Отец Борис и Серёга дружно сказали «нет», а Алексей Иванович прокомментировал:

— Это у тебя глюки были.

Мне стало обидно.

— Я даже видел свет фар. И голоса слышал.

— Точно — глюки. Ты, Сашулька, как только головку на подушку опустил, так в свои обе свистульки и засвистел, словно пожарник на покое.

Я ещё больше обиделся: ну, бывает, что шумно сплю, но зачем сообщать интимные подробности окружающим? Однако Алексею Ивановичу сейчас не возразишь: он сразу предлагал налево идти. Алексей Иванович решил добить меня.

— Там ни одна машина не проедет.

— А как же туда бетономешалку доставили? — возмутился я. — И куда делись рабочие?

Действительно: мы же видели, как рабочие прикладывались к иконам, как уходили из храма, но больше мы их в скиту не встречали.

— Там ещё одна дорога есть, — дошло до меня.

Некоторое время шли молча, переваривая открывшееся знание и размышляя, что из этого следует.

— Поздно, — ответил за всех Алексей Иванович.

И мы наконец-то погрузились в молчание.

Между тем дорога пошла вверх и скоро перед нами открылся изумительный вид на Ильинский скит. Это было настолько величественно и красиво — среди гор и зелени пятикупольный красавец-храм, что мы невольно остановились и минут пять любовались им.

— Может, Господь нас специально этой дорогой направил, чтобы мы такую красоту увидели, — опять за всех сказал Алексей Иванович.

И отец Борис поддержал, протянув:

— Да-а…

Мы двинулись дальше, нет-нет да и оглядываясь на Ильинский скит, который, словно добрая мама, вышедшая провожать нас, всё смотрел, как мы уходим всё дальше, и тихонько крестил наш путь.

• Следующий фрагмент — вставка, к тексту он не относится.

lemma generator_log_formula:
  assumes P: "order_ge 2 P" and Q: "order_ge 2 Q"
    and h: "exp_vderiv P Q fps2_X1 * exp_vderiv P Q fps2_X2 = fps2_X1 * fps2_X2"
    and F: "fps2_X1 * F = exp_vderiv P Q fps2_X1 - fps2_X1"
  obtains a k where "P = fps2_X1 * a" "Q = - (fps2_X2 * a)"
    and "a = F * fps_subst log_quot (euler F) + F\<^sup>2 * k"
proof -
  obtain a where a: "order_ge 1 a" and P_eq: "P = fps2_X1 * a" and Q_eq: "Q = - (fps2_X2 * a)"
    using generator_eq_mult_euler[OF P Q h] by blast
  obtain G
    where "exp_vderiv P Q fps2_X1 = fps2_X1 * (1 + a * (fps_subst exp_quot (euler a) + a * G))"
    using exp_mult_euler_X1[OF a] unfolding P_eq Q_eq by blast
  define u where "u = fps_subst exp_quot (euler a) + a * G"
  have "fps2_X1 * F = fps2_X1 * (a * u)"
    using F \<open>exp_vderiv P Q fps2_X1 = _\<close> by (simp add: u_def algebra_simps)
  then have F_eq: "F = a * u" by simp
  obtain r where r: "F * fps_subst log_quot (euler F) = a + a\<^sup>2 * r"
    using mult_fps_subst_log_quot_euler[OF a] unfolding F_eq u_def by blast
  have "u - 1 = (fps_subst exp_quot (euler a) - 1) + a * G" by (simp add: u_def)
  moreover have "order_ge 1 ((fps_subst exp_quot (euler a) - 1) + a * G)"
    by (intro order_ge_add order_ge_mult_right a order_ge_1_fps_subst_exp_quot_minus_1
        order_ge_euler)
  ultimately have "order_ge 1 (u - 1)" by (simp only:)
  then obtain v where v: "u * v = 1" by (rule order_ge_1_unit)
  have "a = F * v" by (simp add: F_eq mult.assoc v)
  then have "a = F * fps_subst log_quot (euler F) + F\<^sup>2 * (- (v\<^sup>2 * r))"
    using r by (simp add: algebra_simps power2_eq_square)
  then show ?thesis using that P_eq Q_eq by blast
qed

section \<open>Transfer from coefficient functions\<close>

lemma fps_const_uminus_mult: "fps_const (- c) * G = - (fps_const c * G)"
  for G :: "'a::comm_ring_1 fps"
  by (simp flip: fps_const_neg)

definition to_fps2 :: "ps2 \<Rightarrow> fps2" where
  "to_fps2 a = Abs_fps (\<lambda>i. Abs_fps (\<lambda>j. a (i, j)))"

lemma to_fps2_nth [simp]: "to_fps2 a $ i $ j = a (i, j)"
  by (simp add: to_fps2_def)

lemma to_fps2_inject: "to_fps2 a = to_fps2 b \<longleftrightarrow> a = b"
proof
  assume "to_fps2 a = to_fps2 b"
  then have "to_fps2 a $ fst k $ snd k = to_fps2 b $ fst k $ snd k" for k by simp
  then show "a = b" by (simp add: fun_eq_iff)
qed simp

lemma to_fps2_coeffs: "to_fps2 (\<lambda>(i, j). F $ i $ j) = F"
  by (rule fps2_eqI) simp

lemma to_fps2_add: "to_fps2 (ps_add a b) = to_fps2 a + to_fps2 b"
  by (rule fps2_eqI) (simp add: ps_add_def)

lemma to_fps2_sub: "to_fps2 (ps_sub a b) = to_fps2 a - to_fps2 b"
  by (rule fps2_eqI) (simp add: ps_sub_def)

lemma to_fps2_mul: "to_fps2 (ps_mul a b) = to_fps2 a * to_fps2 b"
  by (rule fps2_eqI) (simp add: ps_mul_def fps2_mult_nth atLeast0AtMost)

lemma to_fps2_const: "to_fps2 (ps_const c) = fps2_const c"
  by (rule fps2_eqI) (simp add: ps_const_def)

lemma to_fps2_scale: "to_fps2 (ps_scale c a) = fps2_const c * to_fps2 a"
  by (rule fps2_eqI) (simp add: ps_scale_def)

lemma to_fps2_X1: "to_fps2 ps_X1 = fps2_X1"
  by (rule fps2_eqI) (simp add: ps_X1_def)

lemma to_fps2_X2: "to_fps2 ps_X2 = fps2_X2"
  by (rule fps2_eqI) (auto simp add: ps_X2_def)

lemma to_fps2_d1: "to_fps2 (ps_d1 a) = fps_deriv (to_fps2 a)"
  by (rule fps2_eqI) (simp add: ps_d1_def flip: fps_of_nat del: of_nat_Suc)

lemma to_fps2_d2: "to_fps2 (ps_d2 a) = fps2_deriv2 (to_fps2 a)"
  by (rule fps2_eqI) (simp add: ps_d2_def)

lemma to_fps2_fsum: "to_fps2 (ps_fsum S) = fsum (\<lambda>n. to_fps2 (S n))"
  by (rule fps2_eqI) (simp add: ps_fsum_def fsum_nth)

lemma to_fps2_pow: "to_fps2 (ps_pow a n) = to_fps2 a ^ n"
  by (induct n) (simp_all add: to_fps2_mul to_fps2_const)

lemma to_fps2_h: "to_fps2 ps_h = fps2_X1 * fps2_X2"
  by (simp add: ps_h_def to_fps2_mul to_fps2_X1 to_fps2_X2)

lemma ps_dvd_iff: "ps_dvd a b \<longleftrightarrow> (\<exists>c. to_fps2 b = to_fps2 a * c)"
  unfolding ps_dvd_def by (metis to_fps2_inject[THEN iffD1] to_fps2_mul to_fps2_coeffs)

lemma to_fps2_comp: "to_fps2 (ps_comp g u v) = comp2 (to_fps2 g) (to_fps2 u) (to_fps2 v)"
proof (rule fps2_eqI)
  fix i j
  have "ps_mul (ps_pow u I) (ps_pow v J) (i, j) = (to_fps2 u ^ I * to_fps2 v ^ J) $ i $ j" for I J
    by (metis to_fps2_mul to_fps2_nth to_fps2_pow)
  then show "to_fps2 (ps_comp g u v) $ i $ j = comp2 (to_fps2 g) (to_fps2 u) (to_fps2 v) $ i $ j"
    by (simp add: ps_comp_def comp2_def)
qed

Когда дорога в очередной раз сделала крутой поворот и мы попрощались с Ильинским скитом, нам встретились два монаха. Молодые, чернобородые и жизнерадостные. Но мы всё равно обрадовались встрече больше.

— Ватопеди? — переспросил более бородатый монах и задумчиво посмотрел на нас.

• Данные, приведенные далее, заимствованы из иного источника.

lemma planes_distinct_if_forms_dim3:
  assumes "forms.dim {restrict2 V (plane_form p1 q1), restrict2 V (plane_form p2 q2), \<theta>} = 3"
  shows "span {p1, q1} \<noteq> span {p2, q2}"
proof
  let ?\<theta>1 = "restrict2 V (plane_form p1 q1)" and ?\<theta>2 = "restrict2 V (plane_form p2 q2)"
  assume "span {p1, q1} = span {p2, q2}"
  then have "p2 \<in> span {p1, q1}" "q2 \<in> span {p1, q1}" by (auto intro: span_base)
  then obtain c where "\<And>x y. plane_form p2 q2 x y = c * plane_form p1 q1 x y"
    using plane_form_span_pair by blast
  then have "?\<theta>2 = form_scale c ?\<theta>1" by (simp add: fun_eq_iff restrict2_apply)
  then have "{?\<theta>1, ?\<theta>2, \<theta>} \<subseteq> forms.span {?\<theta>1, \<theta>}"
    by (auto intro: forms.span_base forms.span_scale)
  then have "forms.dim {?\<theta>1, ?\<theta>2, \<theta>} \<le> card {?\<theta>1, \<theta>}" by (simp add: forms.dim_le_card)
  also have "\<dots> \<le> 2" by (simp add: card_insert_if)
  finally show False using assms by simp
qed

lemma wedge12_common_line_eq_0:
  assumes "\<eta> \<in> forms.span {restrict2 V (plane_form p1 q1), restrict2 V (plane_form p2 q2),
      restrict2 V (plane_form p3 q3)}"
    and z: "z \<in> span {p1, q1}" "z \<in> span {p2, q2}" "z \<in> span {p3, q3}"
    and abc: "a \<in> V" "b \<in> V" "c \<in> V"
  shows "wedge12 (\<lambda>x. z \<bullet> x) \<eta> a b c = 0"
proof -
  let ?S = "{\<eta>. \<forall>a\<in>V. \<forall>b\<in>V. \<forall>c\<in>V. wedge12 (\<lambda>x. z \<bullet> x) \<eta> a b c = 0}"
  have "restrict2 V (plane_form p q) \<in> ?S" if "z \<in> span {p, q}" for p q
    using wedge12_plane_form_eq_0[OF that] by (simp add: wedge12_def restrict2_apply)
  then have "forms.span {restrict2 V (plane_form p1 q1), restrict2 V (plane_form p2 q2),
      restrict2 V (plane_form p3 q3)} \<subseteq> ?S"
    using z by (intro forms.span_minimal forms_subspace_wedge12_eq_0) auto
  then show ?thesis using assms(1) abc by blast
qed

Меня эта задумчивость при поминании Ватопеда начинала настораживать. Но монах махнул рукой как раз в том направлении, куда мы шли:

— Тэсере ора.

— Чего-чего? — переспросил Алексей Иванович, а я-то сразу понял и притих.

Монах показал нам четыре пальца и попытался сказать по-английски:

— Фо хос.

Серёга машинально перевёл:

— Четыре часа, — и тут же недоумённо посмотрел на монаха: — Четыре часа? — И тоже для верности выставил четыре пальца.

Монах, оттого, что его поняли, радостно закивал[137].

Серёга обернулся к нам.

— Он что, шутит?

— Путает, наверное, — безпечно махнул рукой отец Борис.

Монахи, выполнив свою миссию (а я не сомневался, что Господь послал их только для того, чтобы сообщить нам, что идти по этой дороге до Ватопеда четыре часа и чтоб мы не отчаивались), пошли дальше. Их явление я понял так, что мы всё-таки дойдём, но будет непросто.

Я покосился на две сумки отца Бориса: одна висела у него на плече, другую он пока поставил.

С другой стороны, что такое четыре часа?

Кажется, Алексей Иванович думал так же и он тоже внёс лепту в прославление отца Николая.

— Помните, отец Николай нам рассказывал, как к нему гости ехали и сказали, что через два часа будут, а сами только через семь часов добрались? Это ведь он про нас говорил.

— Ну что ж, два с половиной часа мы уже прошли, плюс четыре, плюс полчаса… — я опять посмотрел на сумки отца Бориса, — на непредвиденные расходы. Дойдём.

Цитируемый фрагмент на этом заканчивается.